Traumatic stress symptoms might steal your ability to find peace in daily living.

Trauma vs PTSD

Trauma and PTSD are not the same, but are often interchanged with one another. Essentially, trauma is a pain or terror response that the body experiences, whereas PTSD is a clinical mental health diagnosis. An individual may experience a traumatic event or injury, but not go on to develop PTSD.

What Causes Trauma?

We experience trauma to various degrees, as we go through life. Some traumas are expected or normalized in human existence, like childbirth and the loss of loved ones in old age. Other traumas can happen relationally, seen as an absent or an emotionally detached parent. Additional forms of trauma could include more paralyzing and debilitating situations, such as physical abuse, parental neglect or sexual abuse. Medical traumas could include being a first responder to death and illness on a regular basis or to experience a terrifying medical injury, yourself (ie: cancer, HIV or waking during surgery). War is another terrifying trauma that many in our country have experienced.
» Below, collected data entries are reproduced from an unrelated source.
(* Let $q$ be an odd prime power, $d\ge 2$ an even integer, and $A\subset\mathbb F_q^d$. Let $\mathcal{SQ}(A)$ and $\mathcal{ZR}(A)$ be the number of pairs $(x,y)\in A\times A$ with $\eta(\|x-y\|)=1$ and with $\eta(\|x-y\|)=0$, respectively. Let $\Omega^+(A)=\sum_{m:\ \eta(\|m\|)=1}|\widehat A(m)|^2$ and $\Omega^-(A)=\sum_{m:\ \eta(\|m\|)=-1}|\widehat A(m)|^2$ (sums over $m\in\mathbb F_q^d$). Then \begin{enumerate} \item $$\mathcal{SQ}(A)+\frac{\mathcal{ZR}(A)}{2}=\frac{|A|^2}{2}+\frac{q^{d-1}G_1^{d+2}}{2}\Omega^+(A)-\frac{q^{d-1}G_1^{d+2}}{2}\Omega^-(A).$$ \item In particular, if $d\equiv 2\pmod 4$, then $$\mathcal{SQ}(A)+\frac{\mathcal{ZR}(A)}{2}=\frac{|A|^2}{2}+\frac{q^{\frac{3d}{2}}}{2}\Omega^+(A)-\frac{q^{\frac{3d}{2}}}{2}\Omega^-(A).$$ \end{enumerate}
   Context: For $x\in\mathbb F_q^d$, $\|x\|=x_1^2+\cdots+x_d^2$. $\eta$ is the quadratic character of $\mathbb F_q$ with $\eta(0)=0$. $\chi$ is the canonical nontrivial additive character of $\mathbb F_q$; $G_1=\sum_{s\in\mathbb F_q^*}\eta(s)\chi(s)$ is the Gauss sum. For $A\subset\mathbb F_q^d$, $\widehat{A}(m)=q^{-d}\sum_{x\in A}\chi(-m\cdot x)$ is the Fourier transform of the indicator function of $A$. *)

theory Defs
  imports "HOL-Analysis.Analysis"
begin

text \<open>Finite field F_q modelled by a type 'a of class field and finite; q = CARD('a),
  p = CHAR('a), q = p^r.\<close>

definition fdeg :: "'a::{field,finite} itself \<Rightarrow> nat" where
  "fdeg T = (THE r. CHAR('a) ^ r = CARD('a))"
text \<open>F_p-linear independence of the classes of the elements of B
  (exponents taken in {0..p-1} as representatives of F_p).\<close>
definition Jindep :: "nat \<Rightarrow> 'k::field set \<Rightarrow> bool" where
  "Jindep p B \<longleftrightarrow> (\<forall>T e. finite T \<and> T \<subseteq> B \<and> (\<forall>s\<in>T. e s < p)
      \<and> same_cls p (\<Prod>s\<in>T. s ^ e s) 1 \<longrightarrow> (\<forall>s\<in>T. e s = 0))"

definition Jdim_eq :: "nat \<Rightarrow> 'k::field set \<Rightarrow> nat \<Rightarrow> bool" where
  "Jdim_eq p S d \<longleftrightarrow> (\<exists>B. finite B \<and> card B = d \<and> B \<subseteq> S \<and> 0 \<notin> B \<and> Jindep p B \<and> Jspan p B = S)"

definition Jnorm :: "nat \<Rightarrow> ('k::field \<Rightarrow> 'k) \<Rightarrow> 'k \<Rightarrow> 'k" where
  "Jnorm p \<sigma> x = (\<Prod>i<p. (\<sigma> ^^ i) x)"

text \<open>M_gamma: cyclic F_p[G]-submodule generated by [gamma]; the element
  sum_i c_i sigma^i of F_p[G] sends [gamma] to [prod_i sigma^i(gamma)^(c_i)].\<close>
definition Mcyc :: "nat \<Rightarrow> ('k::field \<Rightarrow> 'k) \<Rightarrow> 'k \<Rightarrow> 'k set" where
  "Mcyc p \<sigma> \<gamma> = {x. x \<noteq> 0 \<and> (\<exists>c::nat \<Rightarrow> nat. same_cls p x (\<Prod>i<p. ((\<sigma> ^^ i) \<gamma>) ^ c i))}"
lemma diag_block_sum_mult:
  assumes P: "P \<in> carrier_mat n n" and Q: "Q \<in> carrier_mat n n"
    and B: "\<And>i. i < m \<Longrightarrow> B i i \<in> carrier_mat n n"
  shows "diag_block_sum m n (\<lambda>i j. P * B i j * Q) = P * diag_block_sum m n B * Q"
  using B
proof (induction m)
  case 0
  have "diag_block_sum 0 n B = 0\<^sub>m n n" by (rule eq_matI) (auto simp: diag_block_sum_def)
  moreover have "diag_block_sum 0 n (\<lambda>i j. P * B i j * Q) = 0\<^sub>m n n"
    by (rule eq_matI) (auto simp: diag_block_sum_def)
  ultimately show ?case using P Q by simp
next
  case (Suc m)
  have Bm: "B m m \<in> carrier_mat n n" using Suc.prems by simp
  have step: "diag_block_sum (Suc m) n C = diag_block_sum m n C + C m m"
    if "C m m \<in> carrier_mat n n" for C
    using that by (intro eq_matI) (auto simp: diag_block_sum_def)
  have "diag_block_sum (Suc m) n (\<lambda>i j. P * B i j * Q)
      = diag_block_sum m n (\<lambda>i j. P * B i j * Q) + P * B m m * Q"
    using P Q Bm by (intro step[of "\<lambda>i j. P * B i j * Q"]) auto
  also have "\<dots> = P * diag_block_sum m n B * Q + P * B m m * Q"
    using Suc by simp
  also have "\<dots> = (P * diag_block_sum m n B + P * B m m) * Q"
    using P Q Bm by (intro add_mult_distrib_mat[symmetric]) auto
  also have "\<dots> = P * (diag_block_sum m n B + B m m) * Q"
    using mult_add_distrib_mat[OF P diag_block_sum_carrier Bm] by simp
  finally show ?case using step[of B, OF Bm] by simp
qed

lemma diag_block_sum_pad:
  "diag_block_sum (m + d) n (\<lambda>i j. if i < m \<and> j < m then B i j else 0\<^sub>m n n) = diag_block_sum m n B"
  (is "?L = ?R")
proof (rule eq_matI)
  fix a b assume "a < dim_row ?R" "b < dim_col ?R"
  then have a: "a < n" and b: "b < n" by simp_all
  have "(\<Sum>i<m + d. (if i < m \<and> i < m then B i i else 0\<^sub>m n n) $$ (a, b))
    = (\<Sum>i<m + d. if i < m then B i i $$ (a, b) else 0)"
    using a b by (intro sum.cong) auto
  also have "\<dots> = (\<Sum>i\<in>{i \<in> {..<m + d}. i < m}. B i i $$ (a, b))"
    by (rule sum.inter_filter[symmetric]) simp
  also have "{i \<in> {..<m + d}. i < m} = {..<m}" by auto
  finally show "?L $$ (a, b) = ?R $$ (a, b)"
    using a b by (simp add: diag_block_sum_def)
qed simp_all

lemma diag_block_sum_four_block:
  assumes B: "\<And>i. i < M \<Longrightarrow> B i i \<in> carrier_mat n n"
    and C: "\<And>i. i < M \<Longrightarrow> C i i \<in> carrier_mat n' n'"
  shows "diag_block_sum M (n + n') (\<lambda>i j. four_block_mat (B i j) (0\<^sub>m n n') (0\<^sub>m n' n) (C i j))
    = four_block_mat (diag_block_sum M n B) (0\<^sub>m n n') (0\<^sub>m n' n) (diag_block_sum M n' C)"
    (is "?L = ?R")
proof (rule eq_matI)
  fix a b assume "a < dim_row ?R" "b < dim_col ?R"
  then have a: "a < n + n'" and b: "b < n + n'" by simp_all
  have "(\<Sum>i<M. four_block_mat (B i i) (0\<^sub>m n n') (0\<^sub>m n' n) (C i i) $$ (a, b))
    = (\<Sum>i<M. if a < n then if b < n then B i i $$ (a, b) else 0
              else if b < n then 0 else C i i $$ (a - n, b - n))"
  proof (intro sum.cong refl)
    fix i assume "i \<in> {..<M}"
    then have "B i i \<in> carrier_mat n n" "C i i \<in> carrier_mat n' n'" using B C by simp_all
    then show "four_block_mat (B i i) (0\<^sub>m n n') (0\<^sub>m n' n) (C i i) $$ (a, b)
      = (if a < n then if b < n then B i i $$ (a, b) else 0
         else if b < n then 0 else C i i $$ (a - n, b - n))"
      using a b by simp
  qed
  then show "?L $$ (a, b) = ?R $$ (a, b)"
    using a b by (cases "a < n"; cases "b < n") (auto simp: diag_block_sum_def)
qed auto

section \<open>Feasible block matrices\<close>

definition haemers_feasible ::
  "nat \<Rightarrow> complex mat set \<Rightarrow> nat \<Rightarrow> (nat \<Rightarrow> nat \<Rightarrow> complex mat) \<Rightarrow> bool" where
  "haemers_feasible n S m B \<longleftrightarrow> (\<forall>i<m. \<forall>j<m. B i j \<in> S) \<and> diag_block_sum m n B = 1\<^sub>m n"

lemma haemers_Inf_feasible:
  "haemers n S = Inf {crank (block_mat m n B) | m B. haemers_feasible n S m B}"
  unfolding haemers_def haemers_feasible_def ..

lemma haemers_le_crank: "haemers_feasible n S m B \<Longrightarrow> haemers n S \<le> crank (block_mat m n B)"
  unfolding haemers_Inf_feasible by (rule cInf_lower) auto

lemma haemers_attained:
  assumes "1\<^sub>m n \<in> S"
  obtains m B where "haemers_feasible n S m B" "crank (block_mat m n B) = haemers n S"
proof -
  have "diag_block_sum 1 n (\<lambda>_ _. 1\<^sub>m n) = 1\<^sub>m n"
    by (rule eq_matI) (auto simp: diag_block_sum_def)
  then have "haemers_feasible n S 1 (\<lambda>_ _. 1\<^sub>m n)"
    using assms unfolding haemers_feasible_def by simp
  then have "{crank (block_mat m n B) | m B. haemers_feasible n S m B} \<noteq> {}" by blast
  then have "haemers n S \<in> {crank (block_mat m n B) | m B. haemers_feasible n S m B}"
    unfolding haemers_Inf_feasible by (rule Inf_nat_def1)
  then show ?thesis using that by force
qed

lemma haemers_feasible_cong:
  "(\<And>i j. i < m \<Longrightarrow> j < m \<Longrightarrow> B i j = B' i j) \<Longrightarrow>
    haemers_feasible n S m B \<longleftrightarrow> haemers_feasible n S m B'"
  unfolding haemers_feasible_def diag_block_sum_def by (auto intro!: cong_mat sum.cong)

lemma haemers_feasible_pad:
  assumes "0\<^sub>m n n \<in> S" and "haemers_feasible n S m B"
  shows "haemers_feasible n S (m + d) (\<lambda>i j. if i < m \<and> j < m then B i j else 0\<^sub>m n n)"
  using assms unfolding haemers_feasible_def diag_block_sum_pad by auto

lemma nc_graphD:
  assumes "nc_graph n S"
  shows "S \<subseteq> carrier_mat n n" "0\<^sub>m n n \<in> S" "1\<^sub>m n \<in> S"
  using assms unfolding nc_graph_def by auto

section \<open>Unitary invariance\<close>

lemma mat_adjoint_dims [simp]:
  "dim_row (mat_adjoint A) = dim_col A" "dim_col (mat_adjoint A) = dim_row A"
  unfolding mat_adjoint_def by auto

lemma mat_adjoint_carrier: "A \<in> carrier_mat r c \<Longrightarrow> mat_adjoint A \<in> carrier_mat c r"
  by auto

lemma mat_adjoint_index:
  "i < dim_col A \<Longrightarrow> j < dim_row A \<Longrightarrow> mat_adjoint A $$ (i, j) = cnj (A $$ (j, i))"
  unfolding mat_adjoint_def by (simp add: mat_of_rows_index)

lemma mat_adjoint_adjoint: "mat_adjoint (mat_adjoint A) = (A :: complex mat)"
  by (rule eq_matI) (auto simp: mat_adjoint_index)

lemma unitary_matD:
  assumes "unitary_mat n U"
  shows "U \<in> carrier_mat n n" "mat_adjoint U \<in> carrier_mat n n"
    "mat_adjoint U * U = 1\<^sub>m n" "U * mat_adjoint U = 1\<^sub>m n"
  using assms unfolding unitary_mat_def by (auto intro: mat_adjoint_carrier)

lemma unitary_mat_adjoint: "unitary_mat n U \<Longrightarrow> unitary_mat n (mat_adjoint U)"
  unfolding unitary_mat_def mat_adjoint_adjoint by auto

lemma conj_space_subset_carrier:
  assumes S: "S \<subseteq> carrier_mat n n" and U: "unitary_mat n U"
  shows "conj_space U S \<subseteq> carrier_mat n n"
proof
  fix X assume "X \<in> conj_space U S"
  then obtain A where A: "A \<in> carrier_mat n n" and X: "X = mat_adjoint U * A * U"
    using S unfolding conj_space_def by blast
  show "X \<in> carrier_mat n n"
    unfolding X using A unitary_matD[OF U] by (intro mult_carrier_mat)
qed

lemma one_mem_conj_space:
  assumes "1\<^sub>m n \<in> S" and U: "unitary_mat n U"
  shows "1\<^sub>m n \<in> conj_space U S"
proof -
  have "mat_adjoint U * 1\<^sub>m n * U = 1\<^sub>m n"
    using unitary_matD[OF U] by simp
  then show ?thesis using assms(1) unfolding conj_space_def by (metis image_eqI)
qed

lemma conj_space_adjoint_cancel:
  assumes S: "S \<subseteq> carrier_mat n n" and U: "unitary_mat n U"
  shows "conj_space (mat_adjoint U) (conj_space U S) = S"
proof -
  note U' = unitary_matD[OF U]
  have "U * (mat_adjoint U * A * U) * mat_adjoint U = A" if "A \<in> S" for A
  proof -
    have A: "A \<in> carrier_mat n n" using S that by auto
    have "U * (mat_adjoint U * A * U) * mat_adjoint U
        = (U * mat_adjoint U) * A * (U * mat_adjoint U)"
      using U'(1,2) A by (simp add: assoc_mult_mat[of _ n n _ n _ n])
    also have "\<dots> = 1\<^sub>m n * A * 1\<^sub>m n" by (simp only: U'(4))
    also have "\<dots> = A" using A by simp
    finally show ?thesis .
  qed
  then show ?thesis unfolding conj_space_def image_image mat_adjoint_adjoint
    by (metis (no_types, lifting) image_cong image_ident)
qed

lemma haemers_conj_space_le:
  assumes S: "S \<subseteq> carrier_mat n n" "1\<^sub>m n \<in> S" and U: "unitary_mat n U"
  shows "haemers n (conj_space U S) \<le> haemers n S"
proof -
  obtain m B where B: "haemers_feasible n S m B"
    and opt: "crank (block_mat m n B) = haemers n S"
    using haemers_attained[OF S(2)] .
  note U' = unitary_matD[OF U]
  have B_carrier: "B i j \<in> carrier_mat n n" if "i < m" "j < m" for i j
    using B S that unfolding haemers_feasible_def by auto
  have "diag_block_sum m n (\<lambda>i j. mat_adjoint U * B i j * U) = mat_adjoint U * 1\<^sub>m n * U"
    using diag_block_sum_mult[OF U'(2,1) B_carrier] B unfolding haemers_feasible_def by simp
  also have "\<dots> = 1\<^sub>m n" using U'(1-3) by simp
  finally have "haemers_feasible n (conj_space U S) m (\<lambda>i j. mat_adjoint U * B i j * U)"
    using B unfolding haemers_feasible_def conj_space_def by blast
  then have "haemers n (conj_space U S) \<le> crank (block_mat m n (\<lambda>i j. mat_adjoint U * B i j * U))"
    by (rule haemers_le_crank)
  also have "\<dots> = haemers n S"
    using crank_block_mat_conj[OF U'(2,1,3) B_carrier] opt by simp
  finally show ?thesis .
qed
lemma alg_commute: "x \<in> \<A> \<Longrightarrow> y \<in> \<A> \<Longrightarrow> x o\<^sub>L y = y o\<^sub>L x"
proof -
  assume xy: "x \<in> \<A>" "y \<in> \<A>"
  let ?C = "{p :: ('h \<Rightarrow>\<^sub>L 'h) \<times> ('h \<Rightarrow>\<^sub>L 'h). (fst p o\<^sub>L snd p) - (snd p o\<^sub>L fst p) = 0}"
  have "closed ?C" by (intro closed_Collect_eq continuous_intros)
  moreover have "poly_ops T \<times> poly_ops T \<subseteq> ?C"
    using poly_ops_commute[OF bounded_op] by fastforce
  ultimately have "closure (poly_ops T \<times> poly_ops T) \<subseteq> ?C"
    by (rule closure_minimal[rotated])
  thus ?thesis using xy unfolding alg_T_eq_closure_poly_ops closure_Times by auto
qed

end

section \<open>Quasi-regularity and the Jacobson radical\<close>

lemma id_minus_compose_id_minus:
  "(id_blinfun - c) o\<^sub>L (id_blinfun - x) = id_blinfun - (c + x - (c o\<^sub>L x))"
  by (rule blinfun_eqI) (simp add: blinfun.diff_left blinfun.add_left blinfun.diff_right algebra_simps)

lemma quasi_regular_in_iff:
  "quasi_regular_in A x \<longleftrightarrow> (\<exists>c\<in>A. (id_blinfun - c) o\<^sub>L (id_blinfun - x) = id_blinfun)"
proof -
  have "id_blinfun - y = id_blinfun \<longleftrightarrow> y = 0" for y :: "'a::chilbert_space \<Rightarrow>\<^sub>L 'a"
    by auto
  thus ?thesis unfolding quasi_regular_in_def id_minus_compose_id_minus by (simp only:)
qed

lemma left_inverse_id_minus_trans:
  assumes "(id_blinfun - c) o\<^sub>L (id_blinfun - x) = id_blinfun - y"
    and "(id_blinfun - d) o\<^sub>L (id_blinfun - y) = id_blinfun"
  shows "(id_blinfun - (d + c - (d o\<^sub>L c))) o\<^sub>L (id_blinfun - x) = id_blinfun"
  using assms by (simp add: id_minus_compose_id_minus[symmetric] blinfun_compose_assoc)

context operator_algebra
begin

lemma quasi_regular_trans:
  assumes "c \<in> \<A>" "(id_blinfun - c) o\<^sub>L (id_blinfun - x) = id_blinfun - y"
    and "quasi_regular_in \<A> y"
  shows "quasi_regular_in \<A> x"
proof -
  obtain d where "d \<in> \<A>" "(id_blinfun - d) o\<^sub>L (id_blinfun - y) = id_blinfun"
    using assms(3) quasi_regular_in_iff by blast
  moreover from this have "d + c - (d o\<^sub>L c) \<in> \<A>"
    by (intro alg_diff alg_add alg_compose assms(1))
  ultimately show ?thesis
    using left_inverse_id_minus_trans[OF assms(2)] unfolding quasi_regular_in_iff by blast
qed

lemma radical_subset: "\<J> \<subseteq> \<A>"
  by (auto simp: jacobson_radical_def)

lemma radical_quasi_regular: "a \<in> \<J> \<Longrightarrow> quasi_regular_in \<A> a"
  unfolding jacobson_radical_def using alg_zero
  by (auto dest!: spec[of _ 1] bspec[of _ _ 0])

lemma radical_left_ideal:
  assumes a: "a \<in> \<J>" and b: "b \<in> \<A>"
  shows "op_scaleC l a + (b o\<^sub>L a) \<in> \<J>"
proof -
  have "quasi_regular_in \<A> (op_scaleC l' (op_scaleC l a + (b o\<^sub>L a)) + (b' o\<^sub>L (op_scaleC l a + (b o\<^sub>L a))))"
    if b': "b' \<in> \<A>" for l' b'
  proof -
    have "op_scaleC l' (op_scaleC l a + (b o\<^sub>L a)) + (b' o\<^sub>L (op_scaleC l a + (b o\<^sub>L a)))
      = op_scaleC (l' * l) a + ((op_scaleC l' b + op_scaleC l b' + (b' o\<^sub>L b)) o\<^sub>L a)"
      using b' alg_subset_bounded_ops
      by (intro blinfun_eqI) (auto simp: blinfun.add_left blinfun.add_right scaleC_add_right
          scaleC_scaleC bounded_ops_def algebra_simps)
    moreover have "op_scaleC l' b + op_scaleC l b' + (b' o\<^sub>L b) \<in> \<A>"
      by (intro alg_add alg_scale alg_compose b b')
    ultimately show ?thesis using a unfolding jacobson_radical_def by auto
  qed
  moreover have "op_scaleC l a + (b o\<^sub>L a) \<in> \<A>"
    using a radical_subset by (intro alg_add alg_scale alg_compose b) auto
  ultimately show ?thesis unfolding jacobson_radical_def by blast
qed
lemma kober2_eq_integral_kober_kernel:
  assumes "u \<in> pos_orthant k"
  shows "kober2 k \<zeta> a f u
       = (LINT v | lbk k. (\<Prod>j\<in>{1..k}. kober_kernel (\<zeta> j) (a j) (u j) (v j)) * f v) /
         (\<Prod>j\<in>{1..k}. Gamma (a j))"
proof -
  define S where "S = {v \<in> space (lbk k). \<forall>j\<in>{1..k}. u j < v j}"
  define Q where "Q = (\<Prod>j\<in>{1..k}. u j powr \<zeta> j)"
  define F where "F v = (\<Prod>j\<in>{1..k}. (v j - u j) powr (a j - 1) * v j powr (- \<zeta> j - a j)) * f v" for v
  have u_pos: "\<forall>j\<in>{1..k}. 0 < u j" using assms by (simp add: pos_orthant_def)
  have "Q * (indicator S v * F v) = (\<Prod>j\<in>{1..k}. kober_kernel (\<zeta> j) (a j) (u j) (v j)) * f v"
    if "v \<in> space (lbk k)" for v
  proof (cases "\<forall>j\<in>{1..k}. u j < v j")
    case True
    then have "(\<Prod>j\<in>{1..k}. kober_kernel (\<zeta> j) (a j) (u j) (v j))
        = (\<Prod>j\<in>{1..k}. u j powr \<zeta> j * ((v j - u j) powr (a j - 1) * v j powr (- \<zeta> j - a j)))"
      using u_pos by (intro prod.cong) (auto simp: kober_kernel_def mult_ac)
    then show ?thesis
      using True that by (simp add: S_def F_def Q_def prod.distrib mult_ac)
  next
    case False
    then obtain j where j: "j \<in> {1..k}" "\<not> u j < v j" by auto
    then have "(\<Prod>j\<in>{1..k}. kober_kernel (\<zeta> j) (a j) (u j) (v j)) = 0"
      by (intro prod_zero) (auto simp: kober_kernel_def)
    moreover have "v \<notin> S" using False by (simp add: S_def)
    ultimately show ?thesis by simp
  qed
  then have "Q * (LINT v : S | lbk k. F v)
      = (LINT v | lbk k. (\<Prod>j\<in>{1..k}. kober_kernel (\<zeta> j) (a j) (u j) (v j)) * f v)"
    unfolding set_lebesgue_integral_def integral_mult_right_zero[symmetric]
    by (intro Bochner_Integration.integral_cong) auto
  moreover have "kober2 k \<zeta> a f u = Q / (\<Prod>j\<in>{1..k}. Gamma (a j)) * (LINT v : S | lbk k. F v)"
    by (simp add: kober2_def S_def F_def Q_def prod_dividef)
  ultimately show ?thesis by simp
qed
Trauma and PTSD Counseling Treatment

Each trauma shares the same initial “fight, flight or freeze” response, to varying degrees (some clinically significant, others not). However, every single situation and personality type involved will respond to a traumatic event differently. One individual’s symptoms could look like an inability to feel emotions, another’s could present as severe anxiety and yet another’s might be continual failed relationships and mistrust. The list goes on. The terror or pain felt during the trauma, the degree to which one felt their life was in danger, the response of the support system following the trauma, the age at the time of trauma and even more factors, can all determine an individual’s response to the event(s).